Task to complete: Please transcribe the data that follows exactly, from its first line through the line that contains "assms(1)] by simp".
##### Supplied entries
text \<open>The pairs \<open>{x, par x}\<close> for \<open>x \<in> C\<close> are non-edges forming a forest, with the rank
  decreasing towards the roots.\<close>

theorem connecting_transition_set_card_lower_bound:
  fixes rank :: "'a \<Rightarrow> 'b::order"
  assumes "simple_graph V E" "connecting_transition_set V E T" "C \<subseteq> V"
    and forest: "\<forall>x\<in>C. par x \<in> V \<and> rank (par x) < rank x \<and> \<not> E x (par x)"
  shows "2 * card C \<le> 3 * card T"
proof -
  have T: "T \<subseteq> transitions V E"
    using assms(2) unfolding connecting_transition_set_iff by blast
  moreover have "finite T"
    using T finite_transitions[OF simple_graph_finite[OF assms(1)]] by (rule finite_subset)
  ultimately obtain blk where blk: "block_map V E T blk"
    and excess: "excess (blk ` edges E) \<le> card T"
    using block_map_exists[OF assms(1)] by blast
  let ?F = "blk ` edges E" and ?Q = "children_within C par"
  have finF: "finite ?F" using finite_edges[OF assms(1)] by simp
  have "C \<subseteq> (\<Union>S\<in>?F. ?Q S)"
  proof
    fix x assume x: "x \<in> C"
    then have "compatible_walk V E T x (par x)" "x \<noteq> par x"
      using assms(2,3) forest unfolding connecting_transition_set_iff
      by (auto dest: order.strict_implies_not_eq)
    then obtain S where "S \<in> ?F" "x \<in> S" "par x \<in> S"
      using block_map_compatible_walk[OF blk] by blast
    then show "x \<in> (\<Union>S\<in>?F. ?Q S)" using x unfolding children_within_def by blast
  qed
  moreover have "(\<Union>S\<in>?F. ?Q S) \<subseteq> C" unfolding children_within_def by blast
  ultimately have "card C \<le> (\<Sum>S\<in>?F. card (?Q S))"
    using card_UN_le[OF finF, of ?Q] by (metis subset_antisym)
  then have "2 * card C \<le> (\<Sum>S\<in>?F. 2 * card (?Q S))" by (simp add: sum_distrib_left[symmetric])
  also have "\<dots> \<le> (\<Sum>S\<in>?F. 3 * (card S - 2))"
  proof (rule sum_mono)
    fix S assume "S \<in> ?F"
    then obtain x y where "E x y" "S = blk {x, y}" unfolding edges_def by blast
    then have "S \<subseteq> V" "no_isolated_vertex E S" using blk unfolding block_map_def by blast+
    then show "2 * card (?Q S) \<le> 3 * (card S - 2)"
      using card_children_within_le_excess[OF assms(1)] forest by blast
  qed
  also have "\<dots> \<le> 3 * card T" using excess unfolding excess_def by (simp add: sum_distrib_left[symmetric])
  finally show ?thesis .
qed

section \<open>The complement of a star\<close>

lemma cocomps_eq_if_complement_connected:
  assumes "V \<noteq> {}" "\<forall>x\<in>V. \<forall>y\<in>V. (compl_adj V E)\<^sup>*\<^sup>* x y"
  shows "cocomps V E = {V}"
  using assms unfolding cocomps_def by auto

lemma tau_eq_if_connected_and_co_connected:
  assumes "2 \<le> card V" "\<forall>x\<in>V. \<forall>y\<in>V. (compl_adj V E)\<^sup>*\<^sup>* x y" "induced_connected E V"
  shows "tau V E = card V - 2"
proof -
  have "V \<noteq> {}" using assms(1) by auto
  then have "{C \<in> cocomps V E. 2 \<le> card C} = {V}"
    using cocomps_eq_if_complement_connected[OF _ assms(2)] assms(1) by auto
  then show ?thesis unfolding tau_def using assms(3) by simp
qed

lemma rtranclp_via_hub:
  assumes "symp R" "R\<^sup>*\<^sup>* h x" "R\<^sup>*\<^sup>* h y"
  shows "R\<^sup>*\<^sup>* x y"
  using assms by (meson rtranclp_trans symp_rtranclp sympD)

lemma starV_eq: "starV n = insert (0, 0) ({1..n} \<times> {1..3})"
  by (auto simp: starV_def)

lemma card_starV: "card (starV n) = 3 * n + 1"
  unfolding starV_eq by (simp add: card_cartesian_product)

lemma simple_graph_star: "simple_graph (starV n) (starE n)"
  unfolding simple_graph_def starE_def by (auto simp: starV_eq)

lemma starE_hub:
  assumes "1 \<le> i" "i \<le> n"
  shows "starE n (0, 0) (i, 2)" "starE n (0, 0) (i, 3)" "starE n (i, 3) (i, 1)"
    and "starE n (i, 2) (0, 0)" "starE n (i, 3) (0, 0)" "starE n (i, 1) (i, 3)"
  using assms by (auto simp: starE_def starV_def star_edge_def)

lemma compl_adj_star_iff:
  "compl_adj (starV n) (starE n) x y \<longleftrightarrow>
     x \<in> starV n \<and> y \<in> starV n \<and> (star_edge x y \<or> star_edge y x)"
  unfolding compl_adj_def starE_def star_edge_def by auto

lemma star_complement_connected:
  assumes "x \<in> starV n" "y \<in> starV n"
  shows "(compl_adj (starV n) (starE n))\<^sup>*\<^sup>* x y"
proof (rule rtranclp_via_hub)
  show "symp (compl_adj (starV n) (starE n))"
    by (auto simp: symp_def compl_adj_star_iff)
  have "(compl_adj (starV n) (starE n))\<^sup>*\<^sup>* (0, 0) (i, j)" if "1 \<le> i" "i \<le> n" "j \<in> {1..3}" for i j
  proof -
    have step: "compl_adj (starV n) (starE n) (0, 0) (i, 1)"
      "compl_adj (starV n) (starE n) (i, 1) (i, 2)" "compl_adj (starV n) (starE n) (i, 2) (i, 3)"
      using that unfolding compl_adj_star_iff by (auto simp: star_edge_def starV_def)
    from that(3) consider "j = 1" | "j = 2" | "j = 3" by force
    then show ?thesis by cases (use step in \<open>auto intro: rtranclp.rtrancl_into_rtrancl\<close>)
  qed
  then show "(compl_adj (starV n) (starE n))\<^sup>*\<^sup>* (0, 0) x" "(compl_adj (starV n) (starE n))\<^sup>*\<^sup>* (0, 0) y"
    using assms unfolding starV_eq by auto
qed

lemma star_connected: "induced_connected (starE n) (starV n)"
proof -
  have restrict: "(\<lambda>a b. a \<in> starV n \<and> b \<in> starV n \<and> starE n a b) = starE n"
    by (auto simp: starE_def fun_eq_iff)
  have "(starE n)\<^sup>*\<^sup>* (0, 0) (i, j)" if "1 \<le> i" "i \<le> n" "j \<in> {1..3}" for i j
  proof -
    note hub = starE_hub[OF that(1,2)]
    from that(3) consider "j = 1" | "j = 2" | "j = 3" by force
    then show ?thesis by cases (use hub in \<open>auto intro: rtranclp.rtrancl_into_rtrancl\<close>)
  qed
  then have "(starE n)\<^sup>*\<^sup>* (0, 0) x" if "x \<in> starV n" for x
    using that unfolding starV_eq by auto
  moreover have "symp (starE n)" by (auto simp: symp_def starE_def)
  ultimately show ?thesis
    unfolding induced_connected_def restrict by (blast intro: rtranclp_via_hub)
qed

lemma tau_star:
  assumes "1 \<le> n"
  shows "tau (starV n) (starE n) = 3 * n - 1"
  using tau_eq_if_connected_and_co_connected[OF _ _ star_connected] star_complement_connected
    card_starV assms by simp

definition star_transitions :: "nat \<Rightarrow> ((nat \<times> nat) \<times> (nat \<times> nat) set) set" where
  "star_transitions n =
     (\<lambda>i. ((i, 3), {(i, 1), (0, 0)})) ` {1..n} \<union> (\<lambda>i. ((0, 0), {(i, 2), (i, 3)})) ` {1..n}"

lemma card_star_transitions: "card (star_transitions n) = 2 * n"
proof -
  define f g :: "nat \<Rightarrow> (nat \<times> nat) \<times> (nat \<times> nat) set"
    where "f i = ((i, 3), {(i, 1), (0, 0)})" and "g i = ((0, 0), {(i, 2), (i, 3)})" for i
  have inj: "inj_on f {1..n}" "inj_on g {1..n}"
    unfolding f_def g_def by (auto simp: inj_on_def doubleton_eq_iff)
  have "f i \<noteq> g j" for i j by (simp add: f_def g_def)
  then have disjoint: "f ` {1..n} \<inter> g ` {1..n} = {}" by blast
  have "star_transitions n = f ` {1..n} \<union> g ` {1..n}"
    unfolding star_transitions_def f_def g_def ..
  then show ?thesis using inj disjoint by (simp add: card_Un_disjoint card_image)
qed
##########
Written solution:
text \<open>The pairs \<open>{x, par x}\<close> for \<open>x \<in> C\<close> are non-edges forming a forest, with the rank
  decreasing towards the roots.\<close>

theorem connecting_transition_set_card_lower_bound:
  fixes rank :: "'a \<Rightarrow> 'b::order"
  assumes "simple_graph V E" "connecting_transition_set V E T" "C \<subseteq> V"
    and forest: "\<forall>x\<in>C. par x \<in> V \<and> rank (par x) < rank x \<and> \<not> E x (par x)"
  shows "2 * card C \<le> 3 * card T"
proof -
  have T: "T \<subseteq> transitions V E"
    using assms(2) unfolding connecting_transition_set_iff by blast
  moreover have "finite T"
    using T finite_transitions[OF simple_graph_finite[OF assms(1)]] by (rule finite_subset)
  ultimately obtain blk where blk: "block_map V E T blk"
    and excess: "excess (blk ` edges E) \<le> card T"
    using block_map_exists[OF assms(1)] by blast
  let ?F = "blk ` edges E" and ?Q = "children_within C par"
  have finF: "finite ?F" using finite_edges[OF assms(1)] by simp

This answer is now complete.